Donc, non seulement on parle de ce système sans gêne entre les entreprises, mais en plus avec la bénédiction des autorités. C’est fou quand même.

(Et je ne parlerai pas des fonctionnaires d’un certain organisme de l’ONU qui étaient présent aussi)

Heureusement, la morale est sauve, dans la plupart des pays d’Amérique, les sites webs des organismes publics renseigne un « numéro d’urgence » à appeler si on détecte un problème de corruption. C’est quand même bien fait.

mercredi 26 mars 2008

Procession

S’il y a une chose qui fait peur au touriste de base en Espagne, et qui énerve les milieux les plus progressistes, ce sont bien les processions. L’Espagne étant le pays des traditions, chaque années elles ont lieu à Pâques, de Bilbao à Séville et de Malaga à Madrid. Quand l’Europe du nord, paienne s’il en est, se saoule dans les fêtes du Carnaval et les grands feux du printemps ; l’Espagne catholique elle (de mon point de vue, si la France est considérée comme la fille aînée de l’Église, l’Espagne devrait alors en être la mère stricte et conservatrice), se plonge dans la réflexion pour s’approcher un peu plus de la rédemption.

Les processions, pour ceux qui font partie des non pratiquants (et je sais qu’ils s’en cachent beaucoup même dans mon cercle familial le plus restreint) ou pour ceux qui ne sont pas au fait tout simplement, ça se passe par exemple (ça dépend du patelin) de la manière suivante : un groupe de tambours et/ou de trompettes parcourt les rues du village et marque un pas lent pour réveiller la fervente fureur des habitants.




Les musiciens sont suivis par un groupe de gens habillés style KKK qui marchent, parfois pieds nus, parfois se flagellant, parfois les deux, cachés sous leur cagoule à pointe en 2 longues files précédent les « Images » représentant les étapes de la vie du Christ.

Que sont donc ces « Images » ? Ce sont des statues de bois, représentant, par exemple, le Christ arrêté par les romains (et entourés de fidèles habillés en légionnaires), le Christ portant la croix, le Christ sur la croix, le Christ mort dans un linceul, la dolorosa pleurant son fils, et ainsi de suite selon l’humeur du moment. Les statues sont souvent entourées de fleurs, sur une structure portée par les épaules des pieux fidèles (pour les plus représentatives) qui s’agglutinent dans les confréries pour avoir l’honneur de porter ces « Images » si saintes.

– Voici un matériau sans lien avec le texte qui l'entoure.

(* Let $a$ be an element of a C$^*$-algebra $A$. (1) If $A$ is unital, then $s_{[1_A]_0}(a)=0$. (2) If $A$ admits an approximate unit consisting of projections, then $s(a)$ vanishes at infinity, i.e. for every $\varepsilon>0$ there exists $g\in K_0(A)^+$ such that $s_h(a)<\varepsilon$ for all $h\in K_0(A)^+$ with $g\leq h$.
   Context: For a C$^*$-algebra $A$, $P(A)$ denotes the set of projections of $A$, $K_0(A)$ is the usual $K_0$-group with positive cone $K_0(A)^+=\{[p]_0 : p \text{ a projection in } M_n(A),\ n\geq1\}$, and $g\leq h$ means $h-g\in K_0(A)^+$ (a preorder). The singular value function of $a\in A$ is the function $s(a)\colon K_0(A)^+\to[0,\infty)$ defined by \[ s_g(a):=\inf\{\|a-ap\| \mid p\in P(A),\ [p]_0\leq g\},\qquad g\in K_0(A)^+. \] *)

theory Defs
  imports "HOL-Analysis.Analysis" "HOL-Library.Product_Plus"
begin

text \<open>A C*-algebra is modelled as a real Banach algebra type 'a together with a complex
  scalar multiplication scC (compatible with the real one) and an involution star,
  satisfying the C*-identity.\<close>

definition cstar_algebra ::
  "(complex \<Rightarrow> 'a::{real_normed_algebra,banach} \<Rightarrow> 'a) \<Rightarrow> ('a \<Rightarrow> 'a) \<Rightarrow> bool" where
  "cstar_algebra scC star \<longleftrightarrow>
     (\<forall>r x. scC (complex_of_real r) x = scaleR r x) \<and>
     (\<forall>c d x. scC (c + d) x = scC c x + scC d x) \<and>
     (\<forall>c x y. scC c (x + y) = scC c x + scC c y) \<and>
     (\<forall>c d x. scC (c * d) x = scC c (scC d x)) \<and>
     (\<forall>c x y. scC c (x * y) = scC c x * y \<and> scC c (x * y) = x * scC c y) \<and>
     (\<forall>c x. norm (scC c x) = cmod c * norm x) \<and>
     (\<forall>x y. star (x + y) = star x + star y) \<and>
     (\<forall>c x. star (scC c x) = scC (cnj c) (star x)) \<and>
     (\<forall>x y. star (x * y) = star y * star x) \<and>
     (\<forall>x. star (star x) = x) \<and>
     (\<forall>x. norm (star x * x) = (norm x)\<^sup>2)"

definition is_proj :: "('a::ring \<Rightarrow> 'a) \<Rightarrow> 'a \<Rightarrow> bool" where
  "is_proj star p \<longleftrightarrow> star p = p \<and> p * p = p"

definition positive :: "('a::ring \<Rightarrow> 'a) \<Rightarrow> 'a \<Rightarrow> bool" where
  "positive star a \<longleftrightarrow> (\<exists>x. a = star x * x)"

definition is_unit_of :: "'a::ring \<Rightarrow> bool" where
  "is_unit_of e \<longleftrightarrow> (\<forall>x. e * x = x \<and> x * e = x)"

definition approx_unit_proj ::
  "('a::{real_normed_algebra} \<Rightarrow> 'a) \<Rightarrow> 'i set \<Rightarrow> ('i \<Rightarrow> 'i \<Rightarrow> bool) \<Rightarrow> ('i \<Rightarrow> 'a) \<Rightarrow> bool" where
  "approx_unit_proj star \<Lambda> le u \<longleftrightarrow>
     \<Lambda> \<noteq> {} \<and>
     (\<forall>i\<in>\<Lambda>. le i i) \<and>
     (\<forall>i\<in>\<Lambda>. \<forall>j\<in>\<Lambda>. \<forall>k\<in>\<Lambda>. le i j \<and> le j k \<longrightarrow> le i k) \<and>
     (\<forall>i\<in>\<Lambda>. \<forall>j\<in>\<Lambda>. \<exists>k\<in>\<Lambda>. le i k \<and> le j k) \<and>
     (\<forall>i\<in>\<Lambda>. is_proj star (u i)) \<and>
     (\<forall>i\<in>\<Lambda>. \<forall>j\<in>\<Lambda>. le i j \<longrightarrow> positive star (u j - u i)) \<and>
     (\<forall>x. \<forall>\<epsilon>>0. \<exists>i0\<in>\<Lambda>. \<forall>i\<in>\<Lambda>. le i0 i \<longrightarrow>
          norm (x - x * u i) < \<epsilon> \<and> norm (x - u i * x) < \<epsilon>)"

text \<open>The unitization \<open>A~ = A \<oplus> \<complex>\<close>, elements are pairs (a, lambda).\<close>
definition ux_mult :: "(complex \<Rightarrow> 'a::ring \<Rightarrow> 'a) \<Rightarrow> 'a \<times> complex \<Rightarrow> 'a \<times> complex \<Rightarrow> 'a \<times> complex" where
  "ux_mult scC x y = (fst x * fst y + scC (snd x) (fst y) + scC (snd y) (fst x), snd x * snd y)"

definition ux_star :: "('a \<Rightarrow> 'a) \<Rightarrow> 'a \<times> complex \<Rightarrow> 'a \<times> complex" where
  "ux_star star x = (star (fst x), cnj (snd x))"

text \<open>Matrices are functions nat \<Rightarrow> nat \<Rightarrow> entries; a matrix in M_N has all entries with
  an index \<ge> N equal to 0.\<close>
definition is_mat :: "nat \<Rightarrow> (nat \<Rightarrow> nat \<Rightarrow> 'b::zero) \<Rightarrow> bool" where
  "is_mat N x \<longleftrightarrow> (\<forall>i j. N \<le> i \<or> N \<le> j \<longrightarrow> x i j = 0)"

definition mmul :: "(complex \<Rightarrow> 'a::ring \<Rightarrow> 'a) \<Rightarrow> nat \<Rightarrow>
    (nat \<Rightarrow> nat \<Rightarrow> 'a \<times> complex) \<Rightarrow> (nat \<Rightarrow> nat \<Rightarrow> 'a \<times> complex) \<Rightarrow> (nat \<Rightarrow> nat \<Rightarrow> 'a \<times> complex)" where
  "mmul scC N x y = (\<lambda>i j. \<Sum>k<N. ux_mult scC (x i k) (y k j))"

definition mstar :: "('a \<Rightarrow> 'a) \<Rightarrow> (nat \<Rightarrow> nat \<Rightarrow> 'a \<times> complex) \<Rightarrow> (nat \<Rightarrow> nat \<Rightarrow> 'a \<times> complex)" where
  "mstar star x = (\<lambda>i j. ux_star star (x j i))"

definition lift :: "(nat \<Rightarrow> nat \<Rightarrow> 'a::zero) \<Rightarrow> (nat \<Rightarrow> nat \<Rightarrow> 'a \<times> complex)" where
  "lift p = (\<lambda>i j. (p i j, 0))"

definition is_proj_mat :: "(complex \<Rightarrow> 'a::ring \<Rightarrow> 'a) \<Rightarrow> ('a \<Rightarrow> 'a) \<Rightarrow> nat \<Rightarrow>
    (nat \<Rightarrow> nat \<Rightarrow> 'a \<times> complex) \<Rightarrow> bool" where
  "is_proj_mat scC star N p \<longleftrightarrow> is_mat N p \<and> mstar star p = p \<and> mmul scC N p p = p"

definition Pinf :: "(complex \<Rightarrow> 'a::ring \<Rightarrow> 'a) \<Rightarrow> ('a \<Rightarrow> 'a) \<Rightarrow> (nat \<times> (nat \<Rightarrow> nat \<Rightarrow> 'a)) set" where
  "Pinf scC star = {(n, p). is_proj_mat scC star n (lift p)}"

definition dsum :: "nat \<times> (nat \<Rightarrow> nat \<Rightarrow> 'b::zero) \<Rightarrow> nat \<times> (nat \<Rightarrow> nat \<Rightarrow> 'b) \<Rightarrow> nat \<times> (nat \<Rightarrow> nat \<Rightarrow> 'b)" where
  "dsum P Q = (fst P + fst Q, (\<lambda>i j.
     if i < fst P \<and> j < fst P then snd P i j
     else if fst P \<le> i \<and> fst P \<le> j then snd Q (i - fst P) (j - fst P) else 0))"

definition unit_mat :: "nat \<Rightarrow> (nat \<Rightarrow> nat \<Rightarrow> 'a::zero \<times> complex)" where
  "unit_mat k = (\<lambda>i j. if i = j \<and> i < k then (0, 1) else (0, 0))"

definition mvn :: "(complex \<Rightarrow> 'a::ring \<Rightarrow> 'a) \<Rightarrow> ('a \<Rightarrow> 'a) \<Rightarrow>
    (nat \<Rightarrow> nat \<Rightarrow> 'a \<times> complex) \<Rightarrow> (nat \<Rightarrow> nat \<Rightarrow> 'a \<times> complex) \<Rightarrow> bool" where
  "mvn scC star p q \<longleftrightarrow> (\<exists>N v. is_mat N v \<and>
      mmul scC N (mstar star v) v = p \<and> mmul scC N v (mstar star v) = q)"

text \<open>[P]_0 = [Q]_0 in K_0(A) (subgroup of K_0 of the unitization): P \<oplus> 1_k ~_0 Q \<oplus> 1_k.\<close>
definition k0eq :: "(complex \<Rightarrow> 'a::ring \<Rightarrow> 'a) \<Rightarrow> ('a \<Rightarrow> 'a) \<Rightarrow>
    nat \<times> (nat \<Rightarrow> nat \<Rightarrow> 'a) \<Rightarrow> nat \<times> (nat \<Rightarrow> nat \<Rightarrow> 'a) \<Rightarrow> bool" where
  "k0eq scC star P Q \<longleftrightarrow> (\<exists>k.
      mvn scC star (snd (dsum (fst P, lift (snd P)) (k, unit_mat k)))
                   (snd (dsum (fst Q, lift (snd Q)) (k, unit_mat k))))"

text \<open>The class [P]_0, as a set of representatives in P_\<infinity>(A).\<close>
definition k0cls :: "(complex \<Rightarrow> 'a::ring \<Rightarrow> 'a) \<Rightarrow> ('a \<Rightarrow> 'a) \<Rightarrow>
    nat \<times> (nat \<Rightarrow> nat \<Rightarrow> 'a) \<Rightarrow> (nat \<times> (nat \<Rightarrow> nat \<Rightarrow> 'a)) set" where
  "k0cls scC star P = {Q \<in> Pinf scC star. k0eq scC star P Q}"

definition K0pos :: "(complex \<Rightarrow> 'a::ring \<Rightarrow> 'a) \<Rightarrow> ('a \<Rightarrow> 'a) \<Rightarrow> (nat \<times> (nat \<Rightarrow> nat \<Rightarrow> 'a)) set set" where
  "K0pos scC star = k0cls scC star ` Pinf scC star"

text \<open>g \<le> h iff h - g \<in> K_0(A)^+, i.e. h = g + [R]_0 = [P \<oplus> R]_0 for some R, P with g = [P]_0.\<close>
definition k0le :: "(complex \<Rightarrow> 'a::ring \<Rightarrow> 'a) \<Rightarrow> ('a \<Rightarrow> 'a) \<Rightarrow>
    (nat \<times> (nat \<Rightarrow> nat \<Rightarrow> 'a)) set \<Rightarrow> (nat \<times> (nat \<Rightarrow> nat \<Rightarrow> 'a)) set \<Rightarrow> bool" where
  "k0le scC star g h \<longleftrightarrow> (\<exists>P\<in>g. \<exists>R\<in>Pinf scC star. k0cls scC star (dsum P R) = h)"

definition elem_mat :: "'a::zero \<Rightarrow> nat \<times> (nat \<Rightarrow> nat \<Rightarrow> 'a)" where
  "elem_mat p = (1, (\<lambda>i j. if i = 0 \<and> j = 0 then p else 0))"

definition sval :: "(complex \<Rightarrow> 'a::real_normed_algebra \<Rightarrow> 'a) \<Rightarrow> ('a \<Rightarrow> 'a) \<Rightarrow>
    (nat \<times> (nat \<Rightarrow> nat \<Rightarrow> 'a)) set \<Rightarrow> 'a \<Rightarrow> real" where
  "sval scC star g a = Inf {norm (a - a * p) | p.
      is_proj star p \<and> k0le scC star (k0cls scC star (elem_mat p)) g}"

end

theory Submission
  imports Defs
begin

text \<open>Every projection p with [p]_0 \<le> g bounds s_g(a) by \<parallel>a - a p\<parallel>. For a unit e one takes
  g = [e]_0 and p = e, where a - a e = 0. Given an approximate unit of projections, choose
  u_i with \<parallel>a - a u_i\<parallel> < \<epsilon> and g = [u_i]_0: for every h \<ge> g the projection u_i
  itself is admissible in the infimum defining s_h(a).\<close>

lemma cstar_algebra_scC_zero:
  assumes "cstar_algebra scC star"
  shows "scC 0 x = 0"
  using assms unfolding cstar_algebra_def by (metis of_real_0 scaleR_zero_left)

lemma cstar_algebra_star_zero:
  assumes "cstar_algebra scC star"
  shows "star 0 = 0"
proof -
  have "star (0 + 0) = star 0 + star 0"
    using assms unfolding cstar_algebra_def by blast
  then show ?thesis by simp
qed

lemma cstar_algebra_is_proj_unit:
  assumes "cstar_algebra scC star" and e: "is_unit_of e"
  shows "is_proj star e"
proof -
  have star_star: "\<And>x. star (star x) = x" and star_mult: "\<And>x y. star (x * y) = star y * star x"
    using assms(1) unfolding cstar_algebra_def by blast+
  have "e = star (star e * e)" using e star_star by (simp add: is_unit_of_def)
  also have "\<dots> = star e * star (star e)" by (rule star_mult)
  also have "\<dots> = star e" using e star_star by (simp add: is_unit_of_def)
  finally show ?thesis using e by (simp add: is_proj_def is_unit_of_def)
qed

lemma elem_mat_in_Pinf:
  assumes cs: "cstar_algebra scC star" and p: "is_proj star p"
  shows "elem_mat p \<in> Pinf scC star"
proof -
  let ?x = "lift (\<lambda>i j. if i = 0 \<and> j = 0 then p else 0)"
  have "is_mat 1 ?x" by (auto simp: is_mat_def lift_def zero_prod_def)
  moreover have "mstar star ?x = ?x"
    using p cstar_algebra_star_zero[OF cs]
    by (auto simp: mstar_def ux_star_def lift_def is_proj_def fun_eq_iff)
  moreover have "mmul scC 1 ?x ?x = ?x"
    using p cstar_algebra_scC_zero[OF cs]
    by (auto simp: mmul_def ux_mult_def lift_def is_proj_def fun_eq_iff)
  ultimately show ?thesis by (simp add: elem_mat_def Pinf_def is_proj_mat_def)
qed

lemma zero_mat_in_Pinf:
  assumes "cstar_algebra scC star"
  shows "(0, \<lambda>i j. 0) \<in> Pinf scC star"
  using cstar_algebra_star_zero[OF assms]
  by (simp add: Pinf_def is_proj_mat_def is_mat_def mstar_def mmul_def lift_def ux_star_def
      fun_eq_iff zero_prod_def)

lemma dsum_zero_mat_right:
  assumes "(n, p) \<in> Pinf scC star"
  shows "dsum (n, p) (0, \<lambda>i j. 0) = (n, p)"
  using assms by (auto simp: Pinf_def is_proj_mat_def is_mat_def lift_def dsum_def fun_eq_iff
      zero_prod_def)

lemma k0eq_refl:
  assumes "P \<in> Pinf scC star"
  shows "k0eq scC star P P"
proof -
  obtain n p where P: "P = (n, p)" by fastforce
  have pm: "is_proj_mat scC star n (lift p)" using assms P by (simp add: Pinf_def)
  have "snd (dsum (n, lift p) (0, unit_mat 0)) = lift p"
    using pm by (auto simp: dsum_def unit_mat_def is_proj_mat_def is_mat_def fun_eq_iff lift_def
        zero_prod_def)
  moreover have "mvn scC star (lift p) (lift p)"
    unfolding mvn_def using pm by (intro exI[of _ n] exI[of _ "lift p"]) (simp add: is_proj_mat_def)
  ultimately show ?thesis unfolding k0eq_def P by (intro exI[of _ 0]) simp
qed

lemma mem_k0cls_self: "P \<in> Pinf scC star \<Longrightarrow> P \<in> k0cls scC star P"
  by (simp add: k0cls_def k0eq_refl)

lemma k0le_refl:
  assumes cs: "cstar_algebra scC star" and P: "P \<in> Pinf scC star"
  shows "k0le scC star (k0cls scC star P) (k0cls scC star P)"
proof -
  obtain n p where "P = (n, p)" by fastforce
  then have "dsum P (0, \<lambda>i j. 0) = P" using P dsum_zero_mat_right by blast
  then show ?thesis unfolding k0le_def
    using mem_k0cls_self[OF P] zero_mat_in_Pinf[OF cs] by metis
qed

lemma sval_le_norm:
  assumes "is_proj star p" "k0le scC star (k0cls scC star (elem_mat p)) g"
  shows "sval scC star g a \<le> norm (a - a * p)"
  unfolding sval_def by (rule cInf_lower) (use assms in \<open>auto intro!: bdd_belowI[of _ 0]\<close>)

lemma sval_nonneg:
  assumes "is_proj star p" "k0le scC star (k0cls scC star (elem_mat p)) g"
  shows "sval scC star g a \<ge> 0"
  unfolding sval_def by (rule cInf_greatest) (use assms in auto)

lemma sval_unit_eq_0:
  assumes cs: "cstar_algebra scC star" and "is_unit_of e"
  shows "sval scC star (k0cls scC star (elem_mat e)) a = 0"
proof -
  have p: "is_proj star e" by (rule cstar_algebra_is_proj_unit[OF assms])
  have le: "k0le scC star (k0cls scC star (elem_mat e)) (k0cls scC star (elem_mat e))"
    by (rule k0le_refl[OF cs elem_mat_in_Pinf[OF cs p]])
  have "norm (a - a * e) = 0" using \<open>is_unit_of e\<close> by (simp add: is_unit_of_def)
  with sval_le_norm[OF p le, of a] sval_nonneg[OF p le, of a] show ?thesis by linarith
qed

lemma approx_unit_proj_right_approx:
  assumes "approx_unit_proj star \<Lambda> le u" and "\<epsilon> > 0"
  obtains i where "is_proj star (u i)" and "norm (a - a * u i) < \<epsilon>"
proof -
  obtain i0 where "i0 \<in> \<Lambda>" and "\<forall>i\<in>\<Lambda>. le i0 i \<longrightarrow> norm (a - a * u i) < \<epsilon>"
    using assms unfolding approx_unit_proj_def by meson
  moreover have "le i0 i0" and "is_proj star (u i0)"
    using assms(1) \<open>i0 \<in> \<Lambda>\<close> unfolding approx_unit_proj_def by blast+
  ultimately show ?thesis using that by blast
qed

lemma sval_vanishes_at_infinity:
  assumes cs: "cstar_algebra scC star" and au: "approx_unit_proj star \<Lambda> le u" and "\<epsilon> > 0"
  shows "\<exists>g\<in>K0pos scC star. \<forall>h\<in>K0pos scC star. k0le scC star g h \<longrightarrow> sval scC star h a < \<epsilon>"
proof -
  obtain i where p: "is_proj star (u i)" and small: "norm (a - a * u i) < \<epsilon>"
    using approx_unit_proj_right_approx[OF au \<open>\<epsilon> > 0\<close>] .
  have "k0cls scC star (elem_mat (u i)) \<in> K0pos scC star"
    using elem_mat_in_Pinf[OF cs p] by (simp add: K0pos_def)
  moreover have "sval scC star h a < \<epsilon>" if "k0le scC star (k0cls scC star (elem_mat (u i))) h" for h
    using sval_le_norm[OF p that, of a] small by linarith
  ultimately show ?thesis by blast
qed

theorem proposition3p4:
  fixes scC :: "complex \<Rightarrow> 'a::{real_normed_algebra,banach} \<Rightarrow> 'a"
    and star :: "'a \<Rightarrow> 'a"
    and a :: 'a
  assumes "cstar_algebra scC star"
  shows "(\<forall>e. is_unit_of e \<longrightarrow> sval scC star (k0cls scC star (elem_mat e)) a = 0)
       \<and> ((\<exists>(\<Lambda> :: 'i set) le u. approx_unit_proj star \<Lambda> le u) \<longrightarrow>
          (\<forall>\<epsilon>>0. \<exists>g\<in>K0pos scC star. \<forall>h\<in>K0pos scC star.
              k0le scC star g h \<longrightarrow> sval scC star h a < \<epsilon>))"
  using sval_unit_eq_0[OF assms] sval_vanishes_at_infinity[OF assms] by blast

end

La procession parcourt donc la ville au rythme lent des tambours et dans un silence impressionnant (Quand vous allez voir une procession, n’allez surtout pas commenter la chose sur le vif, vous vous ferez rabrouez à l’instant par la foule fervente) et elle s’arrête de temps en temps devant des chanteurs contant des cantiques ayant pour thème la souffrance du Christ et de sa vierge maman (les chanteurs sont des vieux du village). Le chanteur doit chanter devant chaque « Image », ce qui rallonge d'autant la procession.





Les processions ont lieu le mercredi saint, le jeudi saint, le vendredi saint, le samedi saint et pour le dimanche, pour faire bonne figure, on laisse place aux jeunes générations pour, dans la joie et la bonne humeur, brûler ce traître de judas sur la place publique. Dans les villages les plus reculés, encore réfractaires au monde moderne, il vaut mieux, ce dimanche là, ne pas être la rousse ensorcelante du fond du village, on risquerait de vous mettre sur le bûcher avec judas.